Community guidelines and improvements to the technology are needed before routine adoption of MPS genotyping in forensic laboratories. Some countries forbid the use of phenotype or ancestry SNPs. Will the laboratory be expected to review and report SNP data if a full profile is generated with autosomal STRs? Efforts are underway to gather feedback from the community. For example, Battelle is currently managing an NIJ Feasibility and Guidance Study involving a variety of federal, state and local forensic laboratories. The purpose of the study is to evaluate existing MPS genotyping systems (reagents, instrumentation and workflow). At the conclusion of the study, the participating laboratories will present their observations and recommendations (personal communication from Rich Guerrieri, the Battelle scientist managing the study). In addition, workshops have been organized at international meetings the last few years to increase awareness of the strengths and weaknesses of the technology and how it relates to current capillary electrophoresis approaches for genotyping. As additional data is generated by the forensic community, guidelines are beginning to emerge (4). In the interim, MPS is a useful complement to capillary electrophoresis.
- Zeng, X., King, J., Hermanson, S., Patel, J., Storts, D.R. and Budowle, B. (2015) An evaluation of the PowerSeq™ Auto system: A multiplex short tandem repeat marker kit compatible with massively parallel sequencing. Forensic Sci. Int. Genet. 19, 172–9.

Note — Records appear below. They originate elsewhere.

(* Let $h$ be a bilinear form on $V$. For every double vector $\omega\in\mathcal D(V)$, $$\widehat h_R(\omega)=e^h\circ\omega\quad\text{and}\quad\widehat h_L(\omega)=\omega\circ e^{(h^t)},$$ where $e^h=\sum_{p\geq0}\frac{h^p}{p!}$.
   Context: $(V,g)$ is a Euclidean real vector space of dimension $n$, identified with $V^*$ via $g$, so double forms and double vectors $\mathcal D(V)=\bigoplus_{p,q}\Lambda^pV\otimes\Lambda^qV$ are identified; $\Lambda V$ carries the inner product induced by $g$. Exterior product: $(\theta_1\otimes\theta_2)(\theta_3\otimes\theta_4)=(\theta_1\wedge\theta_3)\otimes(\theta_2\wedge\theta_4)$; powers $h^p$ are for this product, $h^0=1$, and $h$ is regarded as a $(1,1)$ double vector. Composition product: $(\theta_1\otimes\theta_2)\circ(\theta_3\otimes\theta_4)=\langle\theta_1,\theta_4\rangle\theta_3\otimes\theta_2$ ($0$ if $\theta_1,\theta_4$ have different degrees), extended bilinearly. Transpose: $h^t(x,y)=h(y,x)$. $\bar h$ is the endomorphism of $V$ with $\langle\bar h(v),w\rangle=h(v,w)$, $\widehat h$ the exterior algebra endomorphism of $\Lambda V$ with $\widehat h(1)=1$, $\widehat h(v_1\wedge\cdots\wedge v_p)=\bar h(v_1)\wedge\cdots\wedge\bar h(v_p)$, and $\widehat h_R(\theta_1\otimes\theta_2)=\theta_1\otimes\widehat h(\theta_2)$, $\widehat h_L(\theta_1\otimes\theta_2)=\widehat h(\theta_1)\otimes\theta_2$, extended linearly. *)

theory Defs
  imports "HOL-Analysis.Analysis"
begin

text \<open>Model: V = real^'n with the standard (orthonormal) basis e_i = axis i 1.
  The index type carries a linear order, used to order basis wedges
  e_I = e_{i_1} wedge ... wedge e_{i_p} with i_1 < ... < i_p.
  An element of Lambda V is given by its coefficients on the orthonormal basis (e_I)_I,
  a double vector by its coefficients on the basis (e_I (x) e_J)_{I,J}.\<close>

type_synonym 'n extv = "'n set \<Rightarrow> real"
type_synonym 'n dvec = "'n set \<Rightarrow> 'n set \<Rightarrow> real"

- Massively Parallel Sequencing for Forensic DNA Analysis (webinar) http://www.promega.com/resources/webinars/worldwide/archive/massively-parallel-sequencing-for-forensic-analysis/
- Thompson, J.M., Ewing, M.M., Frank, W.E., Pogemiller, J.M., Nolde, C.A., Koehler, D.J., Shaffer, A.M., Rabbach, D.R., Fulmer, P.M., Sprecher, C.J. and Storts, D.R. (2013) Developmental validation of the PowerPlex® Y23 System: A single multiplex Y-STR analysis system for casework and database samples. Forensic Sci. Int. Genet. 7, 240–50.
- Parson, W. et al. (2016) Massively parallel sequencing of forensic STRs: Considerations of the DNA commission of the International Society for Forensic Genetics (ISFG) on minimal nomenclature requirements. Forensic Sci. Int. Genet. 22, 54–63.
*I have chosen to comment on the MiSeq® platforms for two reasons. Our experience at Promega is limited to the Illumina MiSeq® and the ThermoFisher Ion PGM™ System is used primarily for SNP analysis.